CASE STUDY - SEC Raises Its IQ to Protect Investors and Maintain Market Integrity
Commentary by Lewis Walker, Assistant Director for Application Development in the Office of Information Technology, U.S. Securities and Exchange Commission
The U.S. Securities and Exchange Commission (SEC) is charged with protecting investors and maintaining the integrity of the securities markets. The laws and rules that govern the securities industry in the United States are based on a straightforward concept: all investors, whether large institutions or private individuals, should have access to certain basic facts about a prospective investment prior to buying it.
To address this mission, the SEC requires public companies, stock exchanges, broker-dealers, investment advisors, mutual funds, and public utility holding companies to disclose meaningful financial and other information to the public so investors can judge for themselves whether a company’s securities are a good investment. The SEC monitors the activities of these organizations to ensure they are complying with securities laws. Each year, the SEC brings between 400–500 civil enforcement actions against individuals and companies that are not in compliance.
High Transaction Volumes Create Multiple Challenges
The SEC tracks the daily stock transactions conducted by the many brokerage houses in the United States. It uses the information it gathers to look for suspicious activity. When it discovers such activity, it initiates an investigation.
With billions of shares traded on the various stock exchanges each day, the SEC needs the ability to collect and analyze large volumes of data. Until fairly recently, the Commission relied on a mainframe-based system comprising an Adabas database and numerous applications written in Natural, COBOL, Java, and Sybase PowerBuilder to do this. Increasingly, it found the system to be labor intensive and costly to maintain, as well as limiting in terms of its ability to handle the ever-growing volume of data, facilitate data analysis, and protect data in the event of a system failure.
To simplify its systems while eliminating performance and analytical constraints, the SEC decided to consolidate its information infrastructure.
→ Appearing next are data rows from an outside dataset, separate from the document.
lemma L2_on_bounded:
  assumes "B \<in> borel_measurable lborel" "\<forall>x. cmod (B x) \<le> M"
  shows "L2_on L B"
  unfolding L2_on_def
proof
  show sb: "set_borel_measurable lborel {0..L} B"
    using assms(1) unfolding set_borel_measurable_def by measurable
  show "set_integrable lborel {0..L} (\<lambda>x. (cmod (B x))^2)"
  proof (rule set_integrable_bound[OF set_integrable_Icc_const[of 0 L "M^2"]])
    show "set_borel_measurable lborel {0..L} (\<lambda>x. (cmod (B x))^2)"
      using sb by (rule set_borel_measurable_norm_sq)
    have "(cmod (B x))^2 \<le> M^2" for x
      using assms(2) norm_ge_zero power_mono by blast
    then show "AE x in lborel. x \<in> {0..L} \<longrightarrow> norm ((cmod (B x))^2) \<le> norm (M^2)"
      by simp
  qed
qed

lemma L2_on_imp_set_integrable:
  assumes "L2_on L g"
  shows "set_integrable lborel {0..L} g"
proof (rule set_integrable_bound)
  show "set_integrable lborel {0..L} (\<lambda>x. 1 + (cmod (g x))^2)"
    using assms set_integrable_Icc_const[of 0 L 1] unfolding L2_on_def by auto
  show "set_borel_measurable lborel {0..L} g"
    using assms unfolding L2_on_def by auto
  have "t \<le> 1 + t^2" for t :: real
  proof -
    have "0 \<le> (t - 1)^2 + t^2 + 1" by simp
    then show ?thesis by (simp add: power2_diff)
  qed
  then show "AE x in lborel. x \<in> {0..L} \<longrightarrow> norm (g x) \<le> norm (1 + (cmod (g x))\<^sup>2)"
    by auto
qed

lemma norm_add_sq_le: "(cmod (a + b))^2 \<le> 2 * (cmod a)^2 + 2 * (cmod b)^2"
proof -
  have "(cmod (a + b))^2 \<le> (cmod a + cmod b)^2"
    using norm_triangle_ineq[of a b] by (intro power_mono) auto
  also have "\<dots> \<le> 2 * (cmod a)^2 + 2 * (cmod b)^2"
    using zero_le_power2[of "cmod a - cmod b"] by (simp add: power2_diff power2_sum)
  finally show ?thesis .
qed

lemma norm_diff_sq_le: "(cmod (a - c))^2 \<le> 2 * (cmod (a - b))^2 + 2 * (cmod (b - c))^2"
  using norm_add_sq_le[of "a - b" "b - c"] by simp

lemma L2_on_diff:
  assumes "L2_on L a" "L2_on L b"
  shows "L2_on L (\<lambda>x. a x - b x)"
  unfolding L2_on_def
proof
  show m: "set_borel_measurable lborel {0..L} (\<lambda>x. a x - b x)"
    using assms unfolding L2_on_def set_borel_measurable_def
    by (auto simp: scaleR_diff_right intro: borel_measurable_diff)
  show "set_integrable lborel {0..L} (\<lambda>x. (cmod (a x - b x))^2)"
  proof (rule set_integrable_bound)
    show "set_integrable lborel {0..L} (\<lambda>x. 2 * (cmod (a x))^2 + 2 * (cmod (b x))^2)"
      using assms unfolding L2_on_def by (intro set_integral_add set_integrable_mult_right) auto
    show "set_borel_measurable lborel {0..L} (\<lambda>x. (cmod (a x - b x))^2)"
      using m by (rule set_borel_measurable_norm_sq)
    have "(cmod (a x - b x))^2 \<le> 2 * (cmod (a x))^2 + 2 * (cmod (b x))^2" for x
      using norm_add_sq_le[of "a x" "- b x"] by simp
    then show "AE x in lborel. x \<in> {0..L} \<longrightarrow>
        norm ((cmod (a x - b x))^2) \<le> norm (2 * (cmod (a x))^2 + 2 * (cmod (b x))^2)"
      by auto
  qed
qed

lemma L2_sqnorm_triangle:
  assumes a: "L2_on L a" and b: "L2_on L b" and c: "L2_on L c"
  shows "L2_sqnorm L (\<lambda>x. a x - c x) \<le>
    2 * L2_sqnorm L (\<lambda>x. a x - b x) + 2 * L2_sqnorm L (\<lambda>x. b x - c x)"
proof -
  have i: "set_integrable lborel {0..L} (\<lambda>x. (cmod (f x - g x))^2)"
    if "L2_on L f" "L2_on L g" for f g
    using L2_on_diff[OF that] unfolding L2_on_def by blast
  have "L2_sqnorm L (\<lambda>x. a x - c x) \<le>
      (LINT x:{0..L}|lborel. 2 * (cmod (a x - b x))^2 + 2 * (cmod (b x - c x))^2)"
    unfolding L2_sqnorm_def
    using i[OF a c] i[OF a b] i[OF b c] norm_diff_sq_le by (intro set_integral_mono) auto
  also have "\<dots> = 2 * L2_sqnorm L (\<lambda>x. a x - b x) + 2 * L2_sqnorm L (\<lambda>x. b x - c x)"
    unfolding L2_sqnorm_def using i[OF a b] i[OF b c]
    by (subst set_integral_add(2)) (auto intro: set_integrable_mult_right)
  finally show ?thesis .
qed
text \<open>
  Work in the finite field \<open>F = GF(2^c)[\<beta>]\<close> of degree \<open>n \<ge> k - dt\<close> over \<open>GF(2^c)\<close>, where
  \<open>2^c \<ge> k\<close> and \<open>\<beta> \<notin> GF(2^c)\<close>. The index \<open>i < N\<close> is written with \<open>d\<close> digits in base \<open>r = \<lceil>N^(1/d)\<rceil>\<close>
  and encoded as \<open>d\<close> unit vectors of length \<open>r\<close>, so that each record is selected by a
  degree-\<open>d\<close> monomial in the query coordinates. Every coordinate is hidden in a
  polynomial of degree \<open>t\<close> whose value at \<open>\<beta>\<close> is the coordinate and whose other \<open>t\<close>
  coefficients are uniform; server \<open>j\<close> receives its values at the point
  \<open>\<alpha>\<^sub>j \<in> GF(2^c)\<close>, so any \<open>t\<close> servers see uniform noise. A block of \<open>l = k - dt\<close>
  symbols \<open>b\<^sub>q \<in> GF(2^c)\<close> of the record is stored as \<open>\<Sum>\<^sub>q b\<^sub>q \<beta>^(n-1-q) \<in> F\<close>.
  Server \<open>j\<close> evaluates the database polynomial on its shares, multiplies by its
  Lagrange weight for interpolation at \<open>\<beta>\<close>, and returns only the coefficient \<open>\<tau>\<close> of \<open>\<beta>^(n-1)\<close>
  in the result, one symbol of \<open>GF(2^c)\<close>. Since all polynomials involved have
  degree \<open>< k\<close> after multiplication by \<open>x^p\<close>, \<open>p < l\<close>, the client obtains the
  \<open>GF(2^c)\<close>-linear combinations \<open>\<tau>(\<beta>^p \<Sum>\<^sub>q b\<^sub>q \<beta>^(n-1-q))\<close>, a unitriangular system
  in the \<open>b\<^sub>q\<close>. Hence \<open>k\<close> symbols are downloaded per \<open>l\<close> symbols retrieved.
\<close>

section \<open>Finite subfields of the algebraic closure of GF(2)\<close>

type_synonym gf2_closure = "bit alg_closure"

lemma two_eq_zero_char2: "(2::gf2_closure) = 0"
  by (metis to_ac_numeral bit_2_eq_0 to_ac_0)

lemma add_self_char2[simp]: "(x::gf2_closure) + x = 0"
  by (metis mult_2 mult_zero_left two_eq_zero_char2)

lemma uminus_char2[simp]: "- (x::gf2_closure) = x"
  by (metis add_self_char2 add.inverse_unique)

lemma minus_eq_add_char2: "(x::gf2_closure) - y = x + y"
  by simp

lemma power_two_power_add_char2: "((x::gf2_closure) + y) ^ (2^m) = x ^ (2^m) + y ^ (2^m)"
proof (induction m)
  case (Suc m)
  have square_add: "(u + v) ^ 2 = u ^ 2 + v ^ 2" for u v :: gf2_closure
  proof -
    have "(u + v) ^ 2 = u ^ 2 + v ^ 2 + 2 * u * v" by (simp add: power2_eq_square algebra_simps)
    then show ?thesis by (simp add: two_eq_zero_char2)
  qed
  have "(x + y) ^ (2 ^ Suc m) = ((x + y) ^ (2 ^ m)) ^ 2"
    by (simp add: power_mult[symmetric] mult.commute)
  also have "\<dots> = x ^ (2 ^ Suc m) + y ^ (2 ^ Suc m)"
    by (simp add: Suc square_add power_mult[symmetric] mult.commute)
  finally show ?case .
qed simp

lemma card_roots_separable:
  fixes p :: "'a::alg_closed_field poly"
  assumes "p \<noteq> 0" "\<And>x. poly p x = 0 \<Longrightarrow> poly (pderiv p) x \<noteq> 0"
  shows "card {x. poly p x = 0} = Polynomial.degree p"
  using assms
proof (induction "Polynomial.degree p" arbitrary: p rule: less_induct)
  case (less p)
  show ?case
  proof (cases "Polynomial.degree p = 0")
    case True
    then obtain a where "p = [:a:]" by (meson degree_eq_zeroE)
    with less.prems True show ?thesis by simp
  next
    case False
    then obtain x where x: "poly p x = 0"
      using alg_closed_imp_poly_has_root by blast
    then obtain q where p_eq: "p = [:-x, 1:] * q"
      using poly_eq_0_iff_dvd by (blast elim: dvdE)
    have "q \<noteq> 0" using less.prems p_eq by auto
    have deg: "Polynomial.degree p = Suc (Polynomial.degree q)"
      unfolding p_eq using \<open>q \<noteq> 0\<close> by (subst degree_mult_eq) auto
    have pd: "pderiv p = q + [:-x, 1:] * pderiv q"
      unfolding p_eq by (subst pderiv_mult) (simp add: pderiv_pCons add.commute)
    have qx: "poly q x \<noteq> 0"
      using less.prems(2)[OF x] pd by simp
    have IH: "card {y. poly q y = 0} = Polynomial.degree q"
    proof (rule less.hyps)
      show "Polynomial.degree q < Polynomial.degree p" using deg by simp
      show "q \<noteq> 0" by fact
      fix y assume y: "poly q y = 0"
      then have "poly (pderiv p) y \<noteq> 0" using less.prems(2) by (simp add: p_eq)
      then show "poly (pderiv q) y \<noteq> 0" using pd y by auto
    qed
    have "{y. poly p y = 0} = insert x {y. poly q y = 0}"
      by (auto simp: p_eq x)
    moreover have "finite {y. poly q y = 0}" using \<open>q \<noteq> 0\<close> poly_roots_finite by blast
    ultimately show ?thesis using qx IH deg by simp
  qed
qed

definition GF :: "nat \<Rightarrow> gf2_closure set" where
  "GF m = {x. x ^ (2^m) = x}"

lemma
  assumes "m \<ge> 1"
  shows GF_card: "card (GF m) = 2^m" and finite_GF: "finite (GF m)"
proof -
  define p :: "gf2_closure poly" where "p = Polynomial.monom 1 (2^m) - [:0, 1:]"
  have m2: "(2::nat) \<le> 2^m" using assms
    by (metis one_le_numeral power_increasing power_one_right)
  have degp: "Polynomial.degree p = 2^m" unfolding p_def
    using m2 by (simp add: diff_conv_add_uminus degree_add_eq_left degree_monom_eq)
  have p0: "p \<noteq> 0" using degp m2 by auto
  have "(2::gf2_closure) ^ m = 0" using assms by (simp add: two_eq_zero_char2)
  then have pd: "pderiv p = - 1"
    unfolding p_def by (simp add: pderiv_diff pderiv_monom pderiv_pCons pCons_one)
  have roots: "{x. poly p x = 0} = GF m"
    unfolding p_def GF_def by (auto simp: poly_monom)
  have "card {x. poly p x = 0} = Polynomial.degree p"
    by (rule card_roots_separable[OF p0]) (simp add: pd)
  then show "card (GF m) = 2^m" using roots degp by simp
  show "finite (GF m)" using roots poly_roots_finite[OF p0] by simp
qed

lemma GF_0[simp]: "0 \<in> GF m" and GF_1[simp]: "1 \<in> GF m"
  by (auto simp: GF_def)

lemma GF_add[simp]: "x \<in> GF m \<Longrightarrow> y \<in> GF m \<Longrightarrow> x + y \<in> GF m"
  by (simp add: GF_def power_two_power_add_char2)

lemma GF_mult[simp]: "x \<in> GF m \<Longrightarrow> y \<in> GF m \<Longrightarrow> x * y \<in> GF m"
  by (simp add: GF_def power_mult_distrib)

lemma GF_inverse[simp]: "x \<in> GF m \<Longrightarrow> inverse x \<in> GF m"
  by (simp add: GF_def power_inverse)

lemma GF_divide[simp]: "x \<in> GF m \<Longrightarrow> y \<in> GF m \<Longrightarrow> x / y \<in> GF m"
  by (simp add: divide_inverse)

lemma GF_power[simp]: "x \<in> GF m \<Longrightarrow> x ^ e \<in> GF m"
  by (induction e) auto

lemma GF_sum[simp]: "(\<And>i. i \<in> I \<Longrightarrow> f i \<in> GF m) \<Longrightarrow> sum f I \<in> GF m"
  by (induction I rule: infinite_finite_induct) auto

lemma GF_subset_GF_mult: "GF c \<subseteq> GF (c * j)"
proof
  fix x assume x: "x \<in> GF c"
  have "x ^ (2 ^ (c * j)) = x"
  proof (induction j)
    case (Suc j)
    have "x ^ (2 ^ (c * Suc j)) = (x ^ (2 ^ (c * j))) ^ (2 ^ c)"
      by (simp add: power_add power_mult[symmetric] mult.commute)
    also have "\<dots> = x" using Suc x by (simp add: GF_def)
    finally show ?case .
  qed simp
  then show "x \<in> GF (c * j)" by (simp add: GF_def)
qed

section \<open>Linear independence of powers over GF(2^c)\<close>

definition GF_vecs :: "nat \<Rightarrow> nat \<Rightarrow> (nat \<Rightarrow> gf2_closure) set" where
  "GF_vecs c m = {b. (\<forall>e<m. b e \<in> GF c) \<and> (\<forall>e\<ge>m. b e = 0)}"

definition pow_comb :: "gf2_closure \<Rightarrow> nat \<Rightarrow> (nat \<Rightarrow> gf2_closure) \<Rightarrow> gf2_closure" where
  "pow_comb \<beta> m b = (\<Sum>e<m. b e * \<beta> ^ e)"

definition powers_indep :: "nat \<Rightarrow> gf2_closure \<Rightarrow> nat \<Rightarrow> bool" where
  "powers_indep c \<beta> m \<longleftrightarrow> (\<forall>b\<in>GF_vecs c m. pow_comb \<beta> m b = 0 \<longrightarrow> (\<forall>e<m. b e = 0))"

lemma GF_vecs_add: "b \<in> GF_vecs c m \<Longrightarrow> b' \<in> GF_vecs c m \<Longrightarrow> b + b' \<in> GF_vecs c m"
  by (auto simp: GF_vecs_def)

lemma GF_vecs_mono:
  assumes "b \<in> GF_vecs c m" "m \<le> m'"
  shows "b \<in> GF_vecs c m'"
proof -
  have "b e \<in> GF c" if "e < m'" for e
    using assms by (cases "e < m") (auto simp: GF_vecs_def)
  then show ?thesis using assms by (auto simp: GF_vecs_def)
qed

lemma pow_comb_add: "pow_comb \<beta> m (b + b') = pow_comb \<beta> m b + pow_comb \<beta> m b'"
  by (simp add: pow_comb_def sum.distrib algebra_simps)

lemma pow_comb_extend:
  assumes "b \<in> GF_vecs c m" "m \<le> m'"
  shows "pow_comb \<beta> m' b = pow_comb \<beta> m b"
  unfolding pow_comb_def using assms
  by (intro sum.mono_neutral_right) (auto simp: GF_vecs_def)

lemma pow_comb_in_GF:
  assumes "b \<in> GF_vecs c m" "\<beta> \<in> GF (c * j)"
  shows "pow_comb \<beta> m b \<in> GF (c * j)"
  unfolding pow_comb_def using assms GF_subset_GF_mult[of c j] by (auto simp: GF_vecs_def intro!: GF_sum)

lemma
  assumes "c \<ge> 1"
  shows card_GF_vecs: "card (GF_vecs c m) = 2 ^ (c * m)"
    and finite_GF_vecs: "finite (GF_vecs c m)"
proof -
  have bij: "bij_betw (\<lambda>b. restrict b {..<m}) (GF_vecs c m) (PiE {..<m} (\<lambda>_. GF c))"
  proof (rule bij_betwI[where g = "\<lambda>f e. if e < m then f e else 0"])
    show "(\<lambda>b. restrict b {..<m}) \<in> GF_vecs c m \<rightarrow> PiE {..<m} (\<lambda>_. GF c)"
      by (auto simp: GF_vecs_def)
    show "(\<lambda>f e. if e < m then f e else 0) \<in> PiE {..<m} (\<lambda>_. GF c) \<rightarrow> GF_vecs c m"
      by (auto simp: GF_vecs_def PiE_def Pi_def)
    show "(\<lambda>e. if e < m then restrict x {..<m} e else 0) = x" if "x \<in> GF_vecs c m" for x
      using that by (auto simp: GF_vecs_def fun_eq_iff)
    show "restrict (\<lambda>e. if e < m then y e else 0) {..<m} = y" if "y \<in> PiE {..<m} (\<lambda>_. GF c)" for y
      using that by (auto simp: PiE_def extensional_def fun_eq_iff)
  qed
  have "card (PiE {..<m} (\<lambda>_. GF c)) = (2^c)^m"
    by (simp add: card_PiE GF_card[OF assms])
  then show "card (GF_vecs c m) = 2 ^ (c * m)"
    using bij_betw_same_card[OF bij] by (simp add: power_mult)
  show "finite (GF_vecs c m)"
    using bij_betw_finite[OF bij] finite_GF[OF assms] by (simp add: finite_PiE)
qed

lemma powers_indep_mono:
  assumes "m \<le> m'" "powers_indep c \<beta> m'"
  shows "powers_indep c \<beta> m"
  unfolding powers_indep_def
proof (intro ballI impI allI)
  fix b e assume b: "b \<in> GF_vecs c m" and "pow_comb \<beta> m b = 0" and "e < m"
  then show "b e = 0"
    using assms GF_vecs_mono[OF b assms(1)] pow_comb_extend[OF b assms(1)]
    unfolding powers_indep_def by auto
qed

lemma pow_comb_inj:
  assumes ind: "powers_indep c \<beta> m" and b: "b \<in> GF_vecs c m" and b': "b' \<in> GF_vecs c m"
    and eq: "pow_comb \<beta> m b = pow_comb \<beta> m b'"
  shows "b = b'"
proof -
  have "pow_comb \<beta> m (b + b') = 0" using eq by (simp add: pow_comb_add)
  then have "\<forall>e<m. b e + b' e = 0" using ind GF_vecs_add[OF b b'] unfolding powers_indep_def by auto
  then have "\<forall>e<m. b e = b' e"
    by (metis add_self_char2 add_right_cancel)
  moreover have "\<forall>e\<ge>m. b e = b' e" using b b' by (simp add: GF_vecs_def)
  ultimately show "b = b'" by (metis ext not_le)
qed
It migrated to a Sun Solaris platform running Sybase Adaptive Server Enterprise (ASE), and adopted a common application development environment.
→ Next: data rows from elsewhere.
(* Let $s_1,s_2\ge0$, $s=(s_1,s_2)$. For a probability vector $q$ on $\hat{\mathcal X}$, define: - $A(x,\hat x,s)=\exp\{-s_1d(x,\hat x)-s_2g(p,q_{Q[q]},\hat x)\}$, with $g(p,r,\hat x)=f\big(\tfrac{p(\hat x)}{r(\hat x)}\big)-\tfrac{p(\hat x)}{r(\hat x)}\partial f\big(\tfrac{p(\hat x)}{r(\hat x)}\big)$; - $Q[q](\hat x|x)=q(\hat x)A(x,\hat x,s)/\sum_{i}q(i)A(x,i,s)$, which is defined implicitly, since $A$ depends on the output marginal $q_{Q[q]}$ of $Q[q]$. Let $q^*$ achieve the minimum below, and set $$D_s=\sum_{x,\hat x}p(x)\frac{q^*(\hat x)A(x,\hat x,s)}{\sum_i q^*(i)A(x,i,s)}d(x,\hat x),\qquad P_s=D_f(p\|q_{Q[q^*]}).$$ Then $$R(D_s,P_s)=-s_1D_s-s_2P_s+\min_q\Big[s_2\sum_{\hat x}p(\hat x)\,\partial f\Big(\frac{p(\hat x)}{q_{Q[q]}(\hat x)}\Big)-\sum_x p(x)\log\Big(\sum_{\hat x}q(\hat x)A(x,\hat x,s)\Big)\Big].$$
   Context: Finite alphabets $\mathcal X=\hat{\mathcal X}$ (same finite set). The source distribution is $p$ on $\mathcal X$, and $d:\mathcal X\times\hat{\mathcal X}\to[0,\infty)$ is a distortion. $f:(0,\infty)\to\mathbb R$ is convex with $f(1)=0$, and $D_f(p\|q)=\sum_x q(x)f(p(x)/q(x))$. $\partial f(t)$ denotes a subgradient of $f$ at $t$. For a transition matrix $Q$, $q_Q(\hat x)=\sum_xp(x)Q(\hat x|x)$ is the output marginal, and $I(p,Q)=\sum_{x,\hat x}p(x)Q(\hat x|x)\log\frac{Q(\hat x|x)}{q_Q(\hat x)}$. The rate-distortion-perception function is $R(D,P)=\min_Q I(p,Q)$ subject to $\sum_{x,\hat x}p(x)Q(\hat x|x)d(x,\hat x)\le D$ and $D_f(p\|q_Q)\le P$, for $D,P>0$. *)

theory Defs
  imports "HOL-Analysis.Analysis"
begin

text \<open>Alphabet: a finite type 'a (X = hat X). A channel Q is written Q x xh = Q(xh|x).
  The distributions are functions 'a \<Rightarrow> real.\<close>

definition prob_vec :: "('a::finite \<Rightarrow> real) \<Rightarrow> bool" where
  "prob_vec q \<longleftrightarrow> (\<forall>x. q x \<ge> 0) \<and> (\<Sum>x\<in>UNIV. q x) = 1"

definition channel :: "('a::finite \<Rightarrow> 'a \<Rightarrow> real) \<Rightarrow> bool" where
  "channel Q \<longleftrightarrow> (\<forall>x xh. Q x xh \<ge> 0) \<and> (\<forall>x. (\<Sum>xh\<in>UNIV. Q x xh) = 1)"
The resulting solution was an ASE-powered data warehouse employing Business Objects as the front-end analysis tool.
Growing Data Volume Creates Additional Challenges
When the SEC migrated off the mainframe, it had less than a terabyte of data under management. With its new data warehouse in place, however, it began developing new applications that generated copious amounts of new data to be managed and analyzed.
The Commission realized it now faced a new challenge: how to gather, maintain, and rapidly analyze much larger volumes of data without increasing storage costs.
It found its answer in Sybase IQ, Sybase’s highly optimized analytic engine, also noted for its unmatched storage efficiency. “We were going for high-volume data, speed, and savings on storage,” explains Samuel Foster, president of FosterSoft, Inc., an SEC IT contractor, “and replacing Sybase’s ASE general-purpose database with Sybase IQ enabled us to achieve that.”
Ensuring Data Availability
There was still the matter of ensuring data availability in the event of a system failure or service disruption. The SEC addressed this by building a mirror image of its primary system at a remote site 12 miles away. With this new disaster recovery system in place, failover to the secondary system takes just a few minutes, essentially providing continuous business operations.
Dramatic Results
The migration off the mainframe, the implementation of the new data warehouse, and the creation of a disaster recovery system have paid off handsomely for the SEC.
“We were going for high-volume data management, rapid analytical performance, savings on storage, and a robust and speedy disaster recovery capability. This new information infrastructure has enabled us to achieve all of that,” says Lewis Walker, assistant director for application development in the SEC’s Office of Information Technology.
Results to date include a 35 percent improvement in query response times, an ability to create and run more complex queries, a 50 percent reduction in storage requirements and costs, no unplanned downtime, a robust and rapid disaster recovery system, and an infrastructure that will accommodate future growth.
Several terabytes of data are now stored in the SEC data warehouse, where they are accessed by hundreds of SEC investigators and analysts. The next step is to make the data available to the Commission’s economists, who use SAS tools to identify long-term economic trends.
All of this enables the Commission to make more data available to more people for more purposes with greater efficiency. “That opens the possibility for better analysis and improved enforcement,” says Walker.